#### Instructions to follow
Filter the listing below, keeping only the lines with the word "definition".

[Opening Given data section]

(* Let $S_A>0$, $c_{\mathrm{TX}}>0$, $\phi>0$, $\theta=\phi/c_{\mathrm{TX}}$, $B=1$, $0<\lambda<\lambda_{\mathrm{th}}=\left(\sqrt{1+1/S_A}+\sqrt{\theta}\right)^{-2}$, $v_{\mathrm{th}}(\lambda,0)=\sqrt{\lambda\theta}+\frac{\lambda}{2}+\sqrt{\lambda}\sqrt{\sqrt{\lambda\theta}+\frac{\lambda}{4}+\frac{1}{S_A}}$. For $V_k\in(0,1]$, $\zeta\geq0$, $S_M\geq0$ let $$f(\zeta,S_M,V_k)=\zeta e^{-\zeta}\frac{V_k}{1+V_k\frac{S_AS_M}{S_A+S_M}}+(1-\zeta e^{-\zeta})V_k+\lambda\zeta(1+\theta S_M),$$ and let the myopic policy $(\zeta^{(MP)}(V_k),S_M^{(MP)}(V_k))$ be a minimizer of $f(\cdot,\cdot,V_k)$ over $\zeta\geq0,S_M\geq0$ (with $S_M=0$ when $\zeta=0$). Then: (i) if $V_k\leq v_{\mathrm{th}}(\lambda,0)$, then $(\zeta^{(MP)}(V_k),S_M^{(MP)}(V_k))=(0,0)$; (ii) otherwise, $$S_M^{(MP)}(V_k)=\left(\frac{e^{-\zeta^{(MP)}(V_k)/2}}{\sqrt{\lambda\theta}}-\frac{1}{V_k}\right)\frac{V_kS_A}{1+V_kS_A},$$ and $\zeta^{(MP)}(V_k)$ is the unique $\zeta\in\left(0,\min\left\{1,2\ln\left(\frac{V_k}{\sqrt{\lambda\theta}}\right)\right\}\right)$ solving $$\frac{-V_kS_A}{1+V_kS_A}\left(V_k-e^{\zeta/2}\sqrt{\lambda\theta}\frac{2-\zeta}{1-\zeta}+\frac{e^{\zeta}}{1-\zeta}\frac{\lambda\theta}{V_k}\right)+\frac{\lambda e^{\zeta}}{1-\zeta}=0.$$
   Context: Decentralized sensing scheme with a single channel, in the large-network limit: $V_k$ is the fusion center's prior variance; $\zeta$ is the normalized activation probability; a transmission succeeds with probability $\zeta e^{-\zeta}$, in which case the posterior variance is $V_k/(1+V_k\frac{S_AS_M}{S_A+S_M})$ ($S_A$ ambient SNR, $S_M$ local measurement SNR), otherwise it is $V_k$; $\lambda$ is a Lagrange multiplier weighting the sensing-transmission cost. *)

theory Defs
  imports Complex_Main
begin

text \<open>Myopic cost: prior variance V, activation zeta, local SNR sM, ambient SNR sA,
  Lagrange multiplier lam, theta = phi / c_TX.\<close>
definition myopic_cost :: "real \<Rightarrow> real \<Rightarrow> real \<Rightarrow> real \<Rightarrow> real \<Rightarrow> real \<Rightarrow> real" where
  "myopic_cost sA theta lam zeta sM V =
     zeta * exp (- zeta) * (V / (1 + V * (sA * sM / (sA + sM))))
     + (1 - zeta * exp (- zeta)) * V + lam * zeta * (1 + theta * sM)"

definition lambda_th :: "real \<Rightarrow> real \<Rightarrow> real" where
  "lambda_th sA theta = 1 / (sqrt (1 + 1 / sA) + sqrt theta)\<^sup>2"

definition v_th :: "real \<Rightarrow> real \<Rightarrow> real \<Rightarrow> real" where
  "v_th sA theta lam = sqrt (lam * theta) + lam / 2
     + sqrt lam * sqrt (sqrt (lam * theta) + lam / 4 + 1 / sA)"

definition zeta_eq :: "real \<Rightarrow> real \<Rightarrow> real \<Rightarrow> real \<Rightarrow> real \<Rightarrow> bool" where
  "zeta_eq sA theta lam V z \<longleftrightarrow>
     (- V * sA / (1 + V * sA)) *
       (V - exp (z / 2) * sqrt (lam * theta) * ((2 - z) / (1 - z))
          + exp z / (1 - z) * (lam * theta / V))
     + lam * exp z / (1 - z) = 0"

end

theory Submission
  imports Defs
begin

text \<open>Writing G(t) for the variance reduction of a successful transmission at local SNR t,
  the cost is V - zeta exp(-zeta) G(t) + lam zeta (1 + theta t). Since exp(-zeta) < 1 for
  zeta > 0, activating pays off iff G(t) > lam (1 + theta t) for some t \<ge> 0; after clearing the
  denominator of G this is a quadratic inequality in t, solvable iff
  V > sqrt(lam theta) + sqrt(lam (V + 1/sA)), which is exactly V > v_th. Above the threshold the
  minimizer is interior, and with y = sqrt(lam theta) exp(zeta/2) / V its two first-order
  conditions give sM in closed form and turn the equation for zeta into
  c (1 - y) (1 - y - zeta) = (V / theta) y^2. While y < 1 the left side decreases and the right
  side increases in zeta, so the root is unique.\<close>

lemma quadratic_nonneg_on_nonneg_iff:
  fixes X Y Z B :: real
  assumes X: "X > 0" and Z: "Z > 0" and XYZ: "X * Y = Z^2"
  shows "(\<forall>t\<ge>0. 0 \<le> X * t^2 + B * t + Y) \<longleftrightarrow> - 2 * Z \<le> B"
proof
  assume nonneg: "\<forall>t\<ge>0. 0 \<le> X * t^2 + B * t + Y"
  have "Z / X \<ge> 0" using X Z by simp
  then have "0 \<le> X * (Z/X)^2 + B * (Z/X) + Y" using nonneg by blast
  then have "0 \<le> X * (X * (Z/X)^2 + B * (Z/X) + Y)" using X by (intro mult_nonneg_nonneg) auto
  also have "\<dots> = (2 * Z + B) * Z"
    using X XYZ by (simp add: field_simps power2_eq_square)
  finally show "- 2 * Z \<le> B" using Z by (simp add: zero_le_mult_iff)
next
  assume B: "- 2 * Z \<le> B"
  show "\<forall>t\<ge>0. 0 \<le> X * t^2 + B * t + Y"
  proof (intro allI impI)
    fix t :: real assume t: "t \<ge> 0"
    have "X * (X * t^2 - 2 * Z * t + Y) = (X * t - Z)^2"
      using XYZ by (simp add: power2_eq_square algebra_simps)
    then have "0 \<le> X * (X * t^2 - 2 * Z * t + Y)" by simp
    then have "0 \<le> X * t^2 - 2 * Z * t + Y" using X by (simp add: zero_le_mult_iff)
    also have "\<dots> \<le> X * t^2 + B * t + Y" using mult_right_mono[OF B t] by simp
    finally show "0 \<le> X * t^2 + B * t + Y" .
  qed
qed

lemma DERIV_zero_at_min_on_nonneg:
  fixes f :: "real \<Rightarrow> real"
  assumes "(f has_real_derivative D) (at x)" "x > 0" "\<forall>y\<ge>0. f x \<le> f y"
  shows "D = 0"
proof (rule DERIV_local_min[OF assms(1,2)], intro allI impI)
  fix y assume "\<bar>x - y\<bar> < x"
  then show "f x \<le> f y" using assms(3) by simp
qed

definition variance_reduction :: "real \<Rightarrow> real \<Rightarrow> real \<Rightarrow> real" where
  "variance_reduction sA V t = V^2 * sA * t / (sA + (1 + V * sA) * t)"

lemma variance_reduction_zero [simp]: "variance_reduction sA V 0 = 0"
  by (simp add: variance_reduction_def)

lemma variance_reduction_deriv:
  assumes "sA > 0" "V > 0" "t \<ge> 0"
  shows "(variance_reduction sA V has_real_derivative
    V^2 * sA^2 / (sA + (1 + V * sA) * t)^2) (at t)"
proof -
  have "sA + (1 + V * sA) * t > 0" using assms by (simp add: add_pos_nonneg)
  then show ?thesis unfolding variance_reduction_def [abs_def]
    by (auto intro!: derivative_eq_intros simp: field_simps power2_eq_square)
qed

lemma myopic_cost_eq:
  assumes "sA > 0" "V > 0" "t \<ge> 0"
  shows "myopic_cost sA theta lam z t V
    = V - z * exp (- z) * variance_reduction sA V t + lam * z * (1 + theta * t)"
proof -
  have "sA + t > 0" "sA + (1 + V * sA) * t > 0"
    using assms by (auto intro: add_pos_nonneg)
  then have "V / (1 + V * (sA * t / (sA + t))) = V - variance_reduction sA V t"
    unfolding variance_reduction_def by (simp add: field_simps power2_eq_square)
  then show ?thesis unfolding myopic_cost_def by (simp only:) (simp add: algebra_simps)
qed

lemma myopic_cost_inactive [simp]: "myopic_cost sA theta lam 0 t V = V"
  by (simp add: myopic_cost_def)

lemma variance_reduction_le_cost_iff:
  assumes s: "sA > 0" and th: "theta > 0" and l: "lam > 0" and V: "V > 0"
  shows "(\<forall>t\<ge>0. variance_reduction sA V t \<le> lam * (1 + theta * t))
    \<longleftrightarrow> V \<le> sqrt (lam * theta) + sqrt (lam * (V + 1 / sA))"
proof -
  define k where "k = sqrt (lam * theta)"
  define r where "r = sqrt (lam * (V + 1 / sA))"
  define a where "a = 1 + V * sA"
  have k: "k > 0" "k^2 = lam * theta" unfolding k_def using l th by auto
  have "V + 1 / sA > 0" using s V by (simp add: add_pos_pos)
  then have r: "r > 0" "r^2 = lam * (V + 1 / sA)" unfolding r_def using l by auto
  have a: "a > 0" unfolding a_def using s V by (simp add: add_pos_pos)
  have r_a: "sA * r^2 = lam * a" unfolding r a_def using s by (simp add: field_simps)
  have "(\<forall>t\<ge>0. variance_reduction sA V t \<le> lam * (1 + theta * t))
    \<longleftrightarrow> (\<forall>t\<ge>0. 0 \<le> (lam * theta * a) * t^2 + (sA * (k^2 + r^2) - sA * V^2) * t + lam * sA)"
  proof (intro all_cong imp_cong refl)
    fix t :: real assume "t \<ge> 0"
    then have "sA + a * t > 0" using s a by (simp add: add_pos_nonneg)
    moreover note r_a
    ultimately show "variance_reduction sA V t \<le> lam * (1 + theta * t) \<longleftrightarrow>
        0 \<le> (lam * theta * a) * t^2 + (sA * (k^2 + r^2) - sA * V^2) * t + lam * sA"
      unfolding variance_reduction_def a_def[symmetric] k(2)
      by (simp add: divide_le_eq algebra_simps power2_eq_square)
  qed
  also have "\<dots> \<longleftrightarrow> - 2 * (sA * k * r) \<le> sA * (k^2 + r^2) - sA * V^2"
  proof (rule quadratic_nonneg_on_nonneg_iff)
    show "lam * theta * a > 0" "sA * k * r > 0" using l th a s k r by simp_all
    have "(sA * k * r)^2 = sA * k^2 * (sA * r^2)" by (simp add: power_mult_distrib power2_eq_square)
    then show "lam * theta * a * (lam * sA) = (sA * k * r)^2" unfolding k(2) r_a by simp
  qed
  also have "\<dots> \<longleftrightarrow> 0 \<le> sA * ((k + r)^2 - V^2)"
    by (simp add: power2_eq_square algebra_simps)
  also have "\<dots> \<longleftrightarrow> V^2 \<le> (k + r)^2"
    using s by (simp add: zero_le_mult_iff)
  also have "\<dots> \<longleftrightarrow> V \<le> k + r"
    using V k r by (simp add: abs_le_square_iff[symmetric])
  finally show ?thesis unfolding k_def r_def .
qed

text \<open>With k = sqrt(lam theta), the number v_th - k is the positive root of
  x^2 = lam (x + k + 1/sA), i.e. of (V - k)^2 = lam (V + 1/sA) read as an equation in V - k.\<close>

lemma le_v_th_iff:
  assumes s: "sA > 0" and th: "theta > 0" and l: "lam > 0" and V: "V > 0"
  shows "V \<le> v_th sA theta lam \<longleftrightarrow> V \<le> sqrt (lam * theta) + sqrt (lam * (V + 1 / sA))"
proof -
  define k where "k = sqrt (lam * theta)"
  define r where "r = sqrt (lam * (V + 1 / sA))"
  define m where "m = sqrt (lam * k + lam^2 / 4 + lam / sA)"
  have k: "k \<ge> 0" unfolding k_def using l th by simp
  have "V + 1 / sA > 0" using s V by (simp add: add_pos_pos)
  then have r: "r \<ge> 0" "r^2 = lam * (V + 1 / sA)" unfolding r_def using l by auto
  have m: "m \<ge> 0" "m^2 = lam * k + lam^2 / 4 + lam / sA"
    unfolding m_def using l k s by auto
  have "(lam / 2)^2 \<le> m^2" unfolding m(2) using l k s by (simp add: power_divide)
  then have m_ge: "lam / 2 \<le> m" using m(1) by (rule power2_le_imp_le)
  have "v_th sA theta lam = k + lam / 2 + m"
    unfolding v_th_def k_def[symmetric] m_def
    by (simp add: real_sqrt_mult[symmetric] algebra_simps power2_eq_square)
  moreover have "V - k \<le> lam / 2 + m \<longleftrightarrow> V - k \<le> r"
  proof (cases "V - k \<le> 0")
    case True
    then show ?thesis using r(1) m(1) l by linarith
  next
    case False
    have "V - k \<le> r \<longleftrightarrow> (V - k)^2 \<le> r^2"
      using False r(1) by (simp add: abs_le_square_iff[symmetric])
    also have "\<dots> \<longleftrightarrow> (V - k - lam / 2)^2 \<le> m^2"
      unfolding r(2) m(2) by (simp add: algebra_simps power2_eq_square)
    also have "\<dots> \<longleftrightarrow> \<bar>V - k - lam / 2\<bar> \<le> m"
      using m(1) by (simp add: abs_le_square_iff[symmetric])
    also have "\<dots> \<longleftrightarrow> V - k \<le> lam / 2 + m"
      using False m_ge by linarith
    finally show ?thesis ..
  qed
  ultimately show ?thesis unfolding k_def r_def by linarith
qed

definition is_myopic_minimizer :: "real \<Rightarrow> real \<Rightarrow> real \<Rightarrow> real \<Rightarrow> real \<Rightarrow> real \<Rightarrow> bool" where
  "is_myopic_minimizer sA theta lam V zeta sM \<longleftrightarrow> zeta \<ge> 0 \<and> sM \<ge> 0 \<and>
     (\<forall>z\<ge>0. \<forall>t\<ge>0. myopic_cost sA theta lam zeta sM V \<le> myopic_cost sA theta lam z t V)"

[Closing Given data section]

#### Response
definition myopic_cost :: "real \<Rightarrow> real \<Rightarrow> real \<Rightarrow> real \<Rightarrow> real \<Rightarrow> real \<Rightarrow> real" where
definition lambda_th :: "real \<Rightarrow> real \<Rightarrow> real" where
definition v_th :: "real \<Rightarrow> real \<Rightarrow> real \<Rightarrow> real" where
definition zeta_eq :: "real \<Rightarrow> real \<Rightarrow> real \<Rightarrow> real \<Rightarrow> real \<Rightarrow> bool" where
definition variance_reduction :: "real \<Rightarrow> real \<Rightarrow> real \<Rightarrow> real" where
definition is_myopic_minimizer :: "real \<Rightarrow> real \<Rightarrow> real \<Rightarrow> real \<Rightarrow> real \<Rightarrow> real \<Rightarrow> bool" where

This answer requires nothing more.